Warsaw on Friday commemorated the 80th anniversary of the start of Nazi Germany's liquidation of the city's Jewish ghetto, an operation that claimed the lives of 260,000 Jews.
A few hundred people took part in a march organized in place of the deportation of Jews from the ghetto to the Nazi extermination camp of Treblinka (center).
Participants of the march wore ribbons with symbolic names of the deportees.
Organized for 12 years, the march was dedicated this year to the theme of the victims of deportations and forced displacement, while millions of Ukrainians were forced to leave their homes because of the war launched by Russia in February.
The ghetto, “it was this division between those who were locked up there and who were (presented as) the bad guys and the good guys” who lived outside the enclosure, said Michael Schudrich, the chief rabbi of Poland, during a 'a ceremony.

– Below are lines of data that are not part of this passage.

theorem proposition3p1:
  fixes emb :: "complex \<Rightarrow> 'a::comm_ring_1"
    and D :: "int \<Rightarrow> nat \<Rightarrow> 'a \<Rightarrow> 'a"
    and E :: "nat \<Rightarrow> (complex,'n::finite) mat"
    and r :: nat
    and U W :: "nat \<Rightarrow> ('a,'n) ser"
    and B C :: "int \<Rightarrow> nat \<Rightarrow> ('a,'n) ser"
  assumes alg: "C_algebra_map emb"
    and der: "\<And>m a. a \<in> {1..r} \<Longrightarrow> C_derivation emb (D m a)"
    and comm: "\<And>m1 a1 m2 a2 x. a1 \<in> {1..r} \<Longrightarrow> a2 \<in> {1..r} \<Longrightarrow>
                 D m1 a1 (D m2 a2 x) = D m2 a2 (D m1 a1 x)"
    and t: "max_comm_basis E r"
    and sol: "hierarchy_solution emb D E r U W"
    and B_def: "\<And>m a. m \<ge> 0 \<Longrightarrow> B m a = pi_ge0 (sshift (U a) m)"
    and C_def: "\<And>m b. m < 0 \<Longrightarrow> C m b = pi_lt0 (sshift (W b) (m + 1))"
  shows "(\<forall>m1<0. \<forall>m2\<ge>0. \<forall>b1\<in>{1..r}. \<forall>a2\<in>{1..r}.
            sdiff (sdiff (sapply (D m1 b1) (B m2 a2)) (sapply (D m2 a2) (C m1 b1)))
                  (sbracket (C m1 b1) (B m2 a2)) = szero) \<and>
         (\<forall>m1\<ge>0. \<forall>m2\<ge>0. \<forall>a1\<in>{1..r}. \<forall>a2\<in>{1..r}.
            sdiff (sdiff (sapply (D m1 a1) (B m2 a2)) (sapply (D m2 a2) (B m1 a1)))
                  (sbracket (B m1 a1) (B m2 a2)) = szero) \<and>
         (\<forall>m1<0. \<forall>m2<0. \<forall>b1\<in>{1..r}. \<forall>b2\<in>{1..r}.
            sdiff (sdiff (sapply (D m1 b1) (C m2 b2)) (sapply (D m2 b2) (C m1 b1)))
                  (sbracket (C m1 b1) (C m2 b2)) = szero)"
proof -
  have def: "deformation emb E r U W"
    and lax: "\<And>m a1 a2. m \<ge> 0 \<Longrightarrow> a1 \<in> {1..r} \<Longrightarrow> a2 \<in> {1..r} \<Longrightarrow>
        sapply (D m a1) (U a2) = sbracket (srestrict {0..} (sshift (U a1) m)) (U a2)"
      "\<And>m a b. m \<ge> 0 \<Longrightarrow> a \<in> {1..r} \<Longrightarrow> b \<in> {1..r} \<Longrightarrow>
        sapply (D m a) (W b) = sbracket (srestrict {0..} (sshift (U a) m)) (W b)"
      "\<And>m b1 b2. m < 0 \<Longrightarrow> b1 \<in> {1..r} \<Longrightarrow> b2 \<in> {1..r} \<Longrightarrow>
        sapply (D m b1) (W b2) = sbracket (srestrict (- {0..}) (sshift (W b1) (m + 1))) (W b2)"
      "\<And>m b a. m < 0 \<Longrightarrow> b \<in> {1..r} \<Longrightarrow> a \<in> {1..r} \<Longrightarrow>
        sapply (D m b) (U a) = sbracket (srestrict (- {0..}) (sshift (W b) (m + 1))) (U a)"
    using sol unfolding hierarchy_solution_def pi_ge0_eq_srestrict pi_lt0_eq_srestrict by blast+
  note d0 = C_derivation_zero[OF der]
  note U = deformation_U[OF alg t def] and W = deformation_W[OF alg t def]
  show ?thesis
  proof (intro conjI allI impI ballI)
    fix m1 m2 :: int and b1 a2 assume "m1 < 0" "m2 \<ge> 0" "b1 \<in> {1..r}" "a2 \<in> {1..r}"
    then show "sdiff (sdiff (sapply (D m1 b1) (B m2 a2)) (sapply (D m2 a2) (C m1 b1)))
        (sbracket (C m1 b1) (B m2 a2)) = szero"
      unfolding B_def[OF \<open>m2 \<ge> 0\<close>] C_def[OF \<open>m1 < 0\<close>] pi_ge0_eq_srestrict pi_lt0_eq_srestrict
      by (intro zero_curvature_lax_mixed d0 lax U W)
  next
    fix m1 m2 :: int and a1 a2 assume "m1 \<ge> 0" "m2 \<ge> 0" "a1 \<in> {1..r}" "a2 \<in> {1..r}"
    then show "sdiff (sdiff (sapply (D m1 a1) (B m2 a2)) (sapply (D m2 a2) (B m1 a1)))
        (sbracket (B m1 a1) (B m2 a2)) = szero"
      unfolding B_def[OF \<open>m1 \<ge> 0\<close>] B_def[OF \<open>m2 \<ge> 0\<close>] pi_ge0_eq_srestrict
      by (intro zero_curvature_lax_commuting add_closed_nonneg add_closed_neg d0 lax U
          smul_finite_bounded_above)
  next
    fix m1 m2 :: int and b1 b2 assume "m1 < 0" "m2 < 0" "b1 \<in> {1..r}" "b2 \<in> {1..r}"
    then show "sdiff (sdiff (sapply (D m1 b1) (C m2 b2)) (sapply (D m2 b2) (C m1 b1)))
        (sbracket (C m1 b1) (C m2 b2)) = szero"
      unfolding C_def[OF \<open>m1 < 0\<close>] C_def[OF \<open>m2 < 0\<close>] pi_lt0_eq_srestrict
      by (intro zero_curvature_lax_commuting add_closed_neg d0 lax W smul_finite_bounded_below)
        (simp add: add_closed_nonneg)
  qed
qed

Today, Russian President Vladimir Putin "has once again tried to divide people", he said.
"Every time I hear about a division between good guys and bad guys, it's a red alert for me," Schudrich insisted.
A year after having invaded Poland on September 1, 1939, the German occupiers had created in October 1940 in the heart of Warsaw a special district to lock up nearly half a million Jews, the largest of all the ghettos during the second World War.
Hunger and disease decimated this population crammed into an area of barely 3 square kilometres.
On July 22, 1942, a decree announced the liquidation of the ghetto.
In three months, 260,000 people, or a quarter of the capital's population, were deported to the Treblinka camp and killed.
After three months of deportations, there remained in this ghetto only 35,000 registered Jews and 25,000 others who lived there in hiding.
The decree on the liquidation of the ghetto was issued within the framework of the "Reinhardt" operation for the extermination of the Jews, launched in 1941 by the Germans in the area of the General Government, the territory of occupied Poland, extending from Warsaw to north, Krakow to the south and Lublin to the east.
During this operation, two million Jews perished in the Nazi extermination camps of Treblinka, Sobibor and Belzec.